Пошел Наджибек в поле. Видит: пасется табун, а в табуне серый в яблоках конь — ноги струной, шея дугой; храпит, из-под копыт земля летит, из ноздрей пар идет, из глаз искры сыплются. Видит Наджибек — пустое дело, не взять коня, и в великой тоске заиграл о любви, большой как мир.

Серый повел ушами, прислушался и пошел на звуки. Так Наджибек привел его к кибитке Саита. «Ты джигит, Наджибек, — сказал старый Саит, — но какой же джигит без доброй сабли? Богатство обманет, конь спотыкнется, а сабля выручит. Достань саблю булату кары-табан, чтоб махнул ею, и сверкнули молнии, прогремел гром. Достанешь — бери Айгуль в жены».

Пошел Наджибек и видит: кузница, в ней кузнец кует. Поклонился и попросил: «Сделай мне, добрый кузнец, саблю булату кары-табан, без нее мне жизни нет». — «Э-э, — ответил кузнец, — такая сабля много-много коней стоит. А что у тебя есть?» — «У меня только курай». — И заиграл.

Послушал кузнец, веселым стал. Большой его молот будто сам заходил в руках, будто сама собой выковалась сабля.

«Как хорошо поет твой курай! Бери за это саблю». Взял Наджибек, поклонился кузнецу и ушел. А кузнец еще долго смеялся и приплясывал.

— Ты принес саблю булату кары-табан? — удивился старый Саит. Махнул саблей — сверкнула молния, прогремел гром. — Ты настоящий джигит, Наджибек. Но богатство обманет, конь спотыкнется, самая острая сабля притупится, а песню ничто не возьмет. Ветер разгоняет туман, а хорошая песня рассеивает печаль. Спой такую песню, чтобы она покорила сердце, и тогда красавица сама придет к тебе.

Заиграл Наджибек. Так заиграл, что степь, сколько стоит, еще ни разу не слышала такой песни. Даже луна заслушалась. Заслушалась и сказала: «Ах, какая песня у этого курайчи! Пожалуй, стоит послушать. Только тяжело стоять мне без привычки».

И содрогнулась земля, и выросла огромная, до неба, гора. Села луна на гору и забыла про все на свете.

А Наджибек играл и пел о лице, круглом и ясном, как луна; глазах, глубоких, как озера, в которых утонула душа джигита; о щеках, подобных утренней заре, ослепляющей человека. Играл так долго, что маленькие деревья стали большими, а красавица Айгуль превратилась в старуху.

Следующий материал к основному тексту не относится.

(* Let $\Lambda=\{0,1,2\}^2\subset\mathbb{Z}^2$ and let $\mu$ be the probability measure on $\{0,1\}^\Lambda$ giving probability $1/7$ to each of the seven configurations whose sets of occupied sites are: $\{(1,1)\}$, $\{(1,0)\}$, $\{(2,1)\}$, $\{(1,2)\}$, $\{(0,1)\}$, $\{(0,2),(2,0)\}$, $\{(0,0),(2,2)\}$ (all other sites empty). Then $\mu$ is LTI and invariant under all symmetries of the square, but there is no probability measure on configurations of a $4\times4$ square $\Lambda'\supset\Lambda$ whose marginal on each $3\times3$ subsquare of $\Lambda'$ is the corresponding translate of $\mu$; in particular $\mu$ has no translation invariant extension to $\{0,1\}^{\mathbb{Z}^2}$.
   Context: A probability measure $\mu_\Lambda$ on $\{0,1\}^\Lambda$, $\Lambda\subset\mathbb{Z}^d$, is LTI if for all $A,A'\subset\Lambda$ with $A'$ a translate of $A$, the marginal on $\{0,1\}^{A'}$ is the translate of the marginal on $\{0,1\}^A$. Symmetries of the square are the eight dihedral symmetries of $\{0,1,2\}^2$. *)

theory Defs
  imports "HOL-Probability.Probability"
begin

text \<open>A configuration in \<open>{0,1}^\<Lambda>\<close> is
  represented by its set of occupied sites (a subset of \<open>\<Lambda>\<close>). For finite \<open>\<Lambda>\<close>,
  a probability measure on \<open>{0,1}^\<Lambda>\<close> is a probability mass function \<open>p\<close> on
  subsets of \<open>\<Lambda>\<close>.\<close>

type_synonym site = "int \<times> int"

definition shift :: "site \<Rightarrow> site set \<Rightarrow> site set" where
  "shift v A = (\<lambda>x. (fst x + fst v, snd x + snd v)) ` A"

definition is_prob_on :: "site set \<Rightarrow> (site set \<Rightarrow> real) \<Rightarrow> bool" where
  "is_prob_on \<Lambda> p \<longleftrightarrow> finite \<Lambda> \<and> (\<forall>C. 0 \<le> p C) \<and> (\<forall>C. p C \<noteq> 0 \<longrightarrow> C \<subseteq> \<Lambda>)
     \<and> (\<Sum>C\<in>Pow \<Lambda>. p C) = 1"

definition marginal :: "site set \<Rightarrow> (site set \<Rightarrow> real) \<Rightarrow> site set \<Rightarrow> site set \<Rightarrow> real" where
  "marginal \<Lambda> p A B = (\<Sum>C\<in>{C\<in>Pow \<Lambda>. C \<inter> A = B}. p C)"

definition LTI :: "site set \<Rightarrow> (site set \<Rightarrow> real) \<Rightarrow> bool" where
  "LTI \<Lambda> p \<longleftrightarrow> (\<forall>A v. A \<subseteq> \<Lambda> \<longrightarrow> shift v A \<subseteq> \<Lambda> \<longrightarrow>
      (\<forall>B. B \<subseteq> A \<longrightarrow> marginal \<Lambda> p (shift v A) (shift v B) = marginal \<Lambda> p A B))"

definition Lam :: "site set" where
  "Lam = {0..2} \<times> {0..2}"

definition square_syms :: "(site \<Rightarrow> site) set" where
  "square_syms = {(\<lambda>(x,y). (x,y)), (\<lambda>(x,y). (2-x,y)), (\<lambda>(x,y). (x,2-y)), (\<lambda>(x,y). (2-x,2-y)),
                  (\<lambda>(x,y). (y,x)), (\<lambda>(x,y). (2-y,x)), (\<lambda>(x,y). (y,2-x)), (\<lambda>(x,y). (2-y,2-x))}"

definition mu :: "site set \<Rightarrow> real" where
  "mu C = (if C \<in> {{(1,1)}, {(1,0)}, {(2,1)}, {(1,2)}, {(0,1)}, {(0,2),(2,0)}, {(0,0),(2,2)}}
           then 1/7 else 0)"

definition square4 :: "int \<Rightarrow> int \<Rightarrow> site set" where
  "square4 a b = {a..a+3} \<times> {b..b+3}"

definition config_space :: "(site \<Rightarrow> bool) measure" where
  "config_space = PiM UNIV (\<lambda>_. count_space UNIV)"

definition shift_config :: "site \<Rightarrow> (site \<Rightarrow> bool) \<Rightarrow> (site \<Rightarrow> bool)" where
  "shift_config v \<omega> = (\<lambda>x. \<omega> (fst x + fst v, snd x + snd v))"

end

theory Submission
  imports Defs
begin

text \<open>Call a configuration of a \<open>4\<times>4\<close> square admissible if each of its four \<open>3\<times>3\<close> windows
  shows one of the seven configurations charged by \<open>\<mu>\<close>. In an admissible configuration the
  lower-left window cannot show the pattern \<open>{(1,0)}\<close>: the windows to its right and above are
  then forced to show \<open>{(0,0),(2,2)}\<close> and \<open>{(1,2)}\<close>, which puts exactly \<open>(2,1)\<close> and \<open>(0,2)\<close>
  into the upper-right window, and no configuration of the support looks like that. A measure
  on the \<open>4\<times>4\<close> square (or a translation invariant one on \<open>\<int>\<^sup>2\<close>) with the prescribed \<open>3\<times>3\<close>
  marginals lives on admissible configurations, so it gives probability \<open>0\<close> to a pattern
  that \<open>\<mu>\<close> charges with \<open>1/7\<close>. LTI and dihedral invariance of \<open>\<mu>\<close> are finite checks.\<close>

lemma Lam_eq: "Lam = {(0,0),(0,1),(0,2),(1,0),(1,1),(1,2),(2,0),(2,1),(2,2)}"
proof -
  have "{0..2::int} = {0,1,2}" by auto
  then show ?thesis unfolding Lam_def by auto
qed

lemma finite_Lam: "finite Lam"
  by (simp add: Lam_def)

definition mu_support :: "site set list" where
  "mu_support = [{(1,1)}, {(1,0)}, {(2,1)}, {(1,2)}, {(0,1)}, {(0,2),(2,0)}, {(0,0),(2,2)}]"

lemma mu_eq: "mu C = (if C \<in> set mu_support then 1/7 else 0)"
  by (simp add: mu_def mu_support_def)

lemma mu_support_subset_Lam: "C \<in> set mu_support \<Longrightarrow> C \<subseteq> Lam"
  by (auto simp: mu_support_def Lam_def)

lemma distinct_mu_support: "distinct mu_support"
  by (auto simp: mu_support_def doubleton_eq_iff)

lemma mem_shift: "x \<in> shift v A \<longleftrightarrow> (fst x - fst v, snd x - snd v) \<in> A"
  unfolding shift_def
  by (cases x; cases v) (auto simp: image_iff intro!: bexI[of _ "(fst x - fst v, snd x - snd v)"])

lemma shift_empty: "shift v {} = {}"
  by (simp add: shift_def)

lemma shift_insert: "shift v (insert a X) = insert (fst a + fst v, snd a + snd v) (shift v X)"
  by (simp add: shift_def)

lemma inj_translation: "inj (\<lambda>x::site. (fst x + fst v, snd x + snd v))"
  by (auto simp: inj_on_def prod_eq_iff)

lemma shift_eq_iff: "shift v X = shift v Y \<longleftrightarrow> X = Y"
  unfolding shift_def by (simp add: inj_image_eq_iff[OF inj_translation])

Увидев это, он в великой досаде сломал свой курай. Луна скатилась с вершины и пропала за горой. А подставка луны Таган-Ай до сих пор стоит напоминанием о том, что песня не должна быть слишком длинной. Вот как тут было, — закончил Савелий.

— А правду бают, — спросила Филатовна, — будто в той горе вода, и если ее выпустить — затопит город?

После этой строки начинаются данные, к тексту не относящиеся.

lemma part_of_label_blocks:
  assumes P: "partition_on {0..<n} P" and "inj_on g P"
  shows "part_of n (label_blocks n P g) = P"
proof -
  have "{j \<in> {0..<n}. label_blocks n P g j = label_blocks n P g i} = block P i"
    if i: "i \<in> {0..<n}" for i
  proof -
    have "{j \<in> {0..<n}. label_blocks n P g j = label_blocks n P g i}
        = {j \<in> {0..<n}. block P j = block P i}"
      using i block_in_partition(1)[OF P] inj_onD[OF assms(2)] by (auto simp: label_blocks_def)
    also have "\<dots> = block P i"
    proof (intro set_eqI iffI)
      fix j assume "j \<in> {j \<in> {0..<n}. block P j = block P i}"
      then show "j \<in> block P i" using block_in_partition(2)[OF P] by force
    next
      fix j assume "j \<in> block P i"
      then show "j \<in> {j \<in> {0..<n}. block P j = block P i}"
        using block_eq[OF P block_in_partition(1)[OF P i]] block_subset[OF P i] by auto
    qed
    finally show ?thesis .
  qed
  then have "part_of n (label_blocks n P g) = block P ` {0..<n}"
    unfolding part_of_def by (intro image_cong) auto
  then show ?thesis using image_block_eq[OF P] by simp
qed

lemma inj_on_label_blocks:
  assumes P: "partition_on {0..<n} P"
  shows "inj_on (label_blocks n P) (P \<rightarrow>\<^sub>E F)"
proof (rule inj_onI)
  fix g h assume g: "g \<in> P \<rightarrow>\<^sub>E F" and h: "h \<in> P \<rightarrow>\<^sub>E F"
    and eq: "label_blocks n P g = label_blocks n P h"
  have "g \<in> extensional P" "h \<in> extensional P" using g h by (simp_all add: PiE_iff)
  then show "g = h"
  proof (rule extensionalityI)
    fix X assume X: "X \<in> P"
    then obtain i where i: "i \<in> X" using partition_onD3[OF P] by (metis all_not_in_conv)
    then have "i \<in> {0..<n}" using X partition_onD1[OF P] by blast
    then show "g X = h X"
      using fun_cong[OF eq, of i] block_eq[OF P X i] by (simp add: label_blocks_def)
  qed
qed

lemma ex_vecs_part_of:
  assumes "partition_on {0..<n} P" "n \<le> k"
  shows "\<exists>u. u \<in> vecs k n \<and> part_of n u = P"
proof -
  have "finite P" using finite_elements[OF _ assms(1)] by simp
  moreover have "card P \<le> card {0..<k}" using card_partition_on_le[OF _ assms(1)] assms(2) by simp
  ultimately obtain g where "g ` P \<subseteq> {0..<k}" "inj_on g P"
    using card_le_inj[of P "{0..<k}"] by auto
  then have "label_blocks n P g \<in> vecs k n"
    using label_blocks_in_vecs(1)[OF assms(1) _ order_refl] by (simp add: image_subset_iff_funcset)
  then show ?thesis using part_of_label_blocks[OF assms(1) \<open>inj_on g P\<close>] by blast
qed

lemma finite_vecs: "finite (vecs k n)"
  by (simp add: vecs_def finite_PiE)

lemma card_vecs_part_of_within_ge:
  assumes P: "partition_on {0..<n} P" and F: "F \<subseteq> {0..<k}"
  shows "fact (card P) * (card F choose card P)
           \<le> card {w \<in> vecs k n. part_of n w = P \<and> (\<forall>i\<in>{0..<n}. w i \<in> F)}"
proof -
  have "finite F" using F finite_subset by blast
  moreover have "finite P" using finite_elements[OF _ P] by simp
  ultimately have "fact (card P) * (card F choose card P) = card {g \<in> P \<rightarrow>\<^sub>E F. inj_on g P}"
    by (simp add: card_inj_funcset)
  also have "\<dots> \<le> card {w \<in> vecs k n. part_of n w = P \<and> (\<forall>i\<in>{0..<n}. w i \<in> F)}"
  proof (rule card_inj_on_le)
    show "inj_on (label_blocks n P) {g \<in> P \<rightarrow>\<^sub>E F. inj_on g P}"
      using inj_on_label_blocks[OF P] by (rule inj_on_subset) blast
    show "label_blocks n P ` {g \<in> P \<rightarrow>\<^sub>E F. inj_on g P}
        \<subseteq> {w \<in> vecs k n. part_of n w = P \<and> (\<forall>i\<in>{0..<n}. w i \<in> F)}"
      using label_blocks_in_vecs[OF P _ F] part_of_label_blocks[OF P] by (auto simp: PiE_iff)
    show "finite {w \<in> vecs k n. part_of n w = P \<and> (\<forall>i\<in>{0..<n}. w i \<in> F)}"
      using finite_vecs by simp
  qed
  finally show ?thesis .
qed

lemma choose_div_power_le_card_vecs_part_of_within:
  assumes y: "partition_on {0..<n} y" "1 \<le> n" and F: "F \<subseteq> {0..<k}" and b: "1 \<le> b" "b \<le> card F"
  shows "fact (card y - b) * real ((card F - b) choose (card y - b)) / real (card F) ^ (n - 1)
           \<le> card {w \<in> vecs k n. part_of n w = y \<and> (\<forall>i\<in>{0..<n}. w i \<in> F)} / real (card F) ^ n"
proof -
  define m where "m = card F"
  define count where "count = card {w \<in> vecs k n. part_of n w = y \<and> (\<forall>i\<in>{0..<n}. w i \<in> F)}"
  have "y \<noteq> {}" using partition_onD1[OF y(1)] y(2) by auto
  then have "1 \<le> card y"
    using finite_elements[OF _ y(1)] by (simp add: Suc_le_eq card_gt_0_iff)
  then have "m * fact (card y - b) * ((m - b) choose (card y - b)) \<le> fact (card y) * (m choose card y)"
    using mult_fact_choose_le_fact_choose b by (simp add: m_def)
  also have "\<dots> \<le> count"
    using card_vecs_part_of_within_ge[OF y(1) F] by (simp add: count_def m_def)
  finally have "real (m * fact (card y - b) * ((m - b) choose (card y - b))) \<le> count"
    by (simp only: of_nat_le_iff)
  then have count_ge: "real m * (fact (card y - b) * real ((m - b) choose (card y - b))) \<le> count"
    by (simp add: mult.assoc)
  have "real m ^ n = real m * real m ^ (n - 1)"
    using y(2) by (cases n) simp_all
  then have "fact (card y - b) * real ((m - b) choose (card y - b)) / real m ^ (n - 1)
      = real m * (fact (card y - b) * real ((m - b) choose (card y - b))) / real m ^ n"
    using b by (simp add: m_def)
  also have "\<dots> \<le> count / real m ^ n"
    using count_ge by (rule divide_right_mono) simp
  finally show ?thesis by (simp add: m_def count_def)
qed

lemma fixpts_subset: "fixpts k \<sigma> \<subseteq> {0..<k}"
  by (auto simp: fixpts_def)

lemma stab_eq_permutes_compl:
  assumes "u \<in> vecs k n"
  shows "stab k n u = {\<sigma>. \<sigma> permutes {0..<k} - u ` {0..<n}}"
proof -
  have "u ` {0..<n} \<subseteq> {0..<k}" using assms by (auto simp: vecs_def)
  then show ?thesis
    using permutes_fixing_eq[of "u ` {0..<n}" "{0..<k}"] by (simp add: stab_def)
qed

lemma sum_burnside_K_eq:
  assumes "finite W"
  shows "(\<Sum>w\<in>W. burnside_K k n u w)
           = (\<Sum>\<sigma>\<in>stab k n u. card {w\<in>W. \<forall>i\<in>{0..<n}. w i \<in> fixpts k \<sigma>}
                 / real (card (fixpts k \<sigma>)) ^ n) / card (stab k n u)"
proof -
  have prod_eq: "(\<Prod>i\<in>{0..<n}. if w i \<in> F then 1 / real (card F) else 0)
      = (if \<forall>i\<in>{0..<n}. w i \<in> F then 1 / real (card F) ^ n else 0)" for w and F :: "nat set"
    by (auto simp: power_one_over)
  have "(\<Sum>w\<in>W. burnside_K k n u w)
      = (\<Sum>\<sigma>\<in>stab k n u. \<Sum>w\<in>W. if \<forall>i\<in>{0..<n}. w i \<in> fixpts k \<sigma>
           then 1 / real (card (fixpts k \<sigma>)) ^ n else 0) / card (stab k n u)"
    unfolding burnside_K_def prod_eq
    by (subst sum.swap) (simp add: sum_divide_distrib)
  also have "\<dots> = (\<Sum>\<sigma>\<in>stab k n u. card {w\<in>W. \<forall>i\<in>{0..<n}. w i \<in> fixpts k \<sigma>}
                 / real (card (fixpts k \<sigma>)) ^ n) / card (stab k n u)"
    using assms by (simp add: sum.If_cases Int_def)
  finally show ?thesis .
qed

— Поговаривали, — отозвался Савелий, — вроде раньше беглые от заводских огненных работ, рудобои да углежоги в горы скрывались и видели это великое озеро. Да и откуда бы ключам да болотам наверху взяться?

Савелий затягивает лапоток на колодке, подстукивает ручкой кодочика, чтобы поплотнее вышло, и под кодочик лыко пропускает. Филатовна глядит в окно.

— Пузыри в лывах — надолго, знать, зарядил.

— Небо-то, хвати, так износилось, как Васькины ботинки. — Савелий сгреб в кучу лыковые обрезки и распорядился:

— Собирай на стол. А ты, Васька, с лавки слазь-ка да стул подставляй.

Мне давно хочется есть, у стариков на столе не густо.

— Чего ждешь? — спрашивает Савелий.

Достаю из мешка хлеб и картошку.

— С чем пойдешь-то?

— У меня еще есть, — отвечаю, не моргнув.

— Ну-ну, гляди.

На столе квашеная капуста, рубленная со свекольным листом для экономии, молоко, рыбные котлеты, которые мне очень понравились. Они оказались из гольянов, пропущенных через мясорубку. Захотелось наловить этих рыбок.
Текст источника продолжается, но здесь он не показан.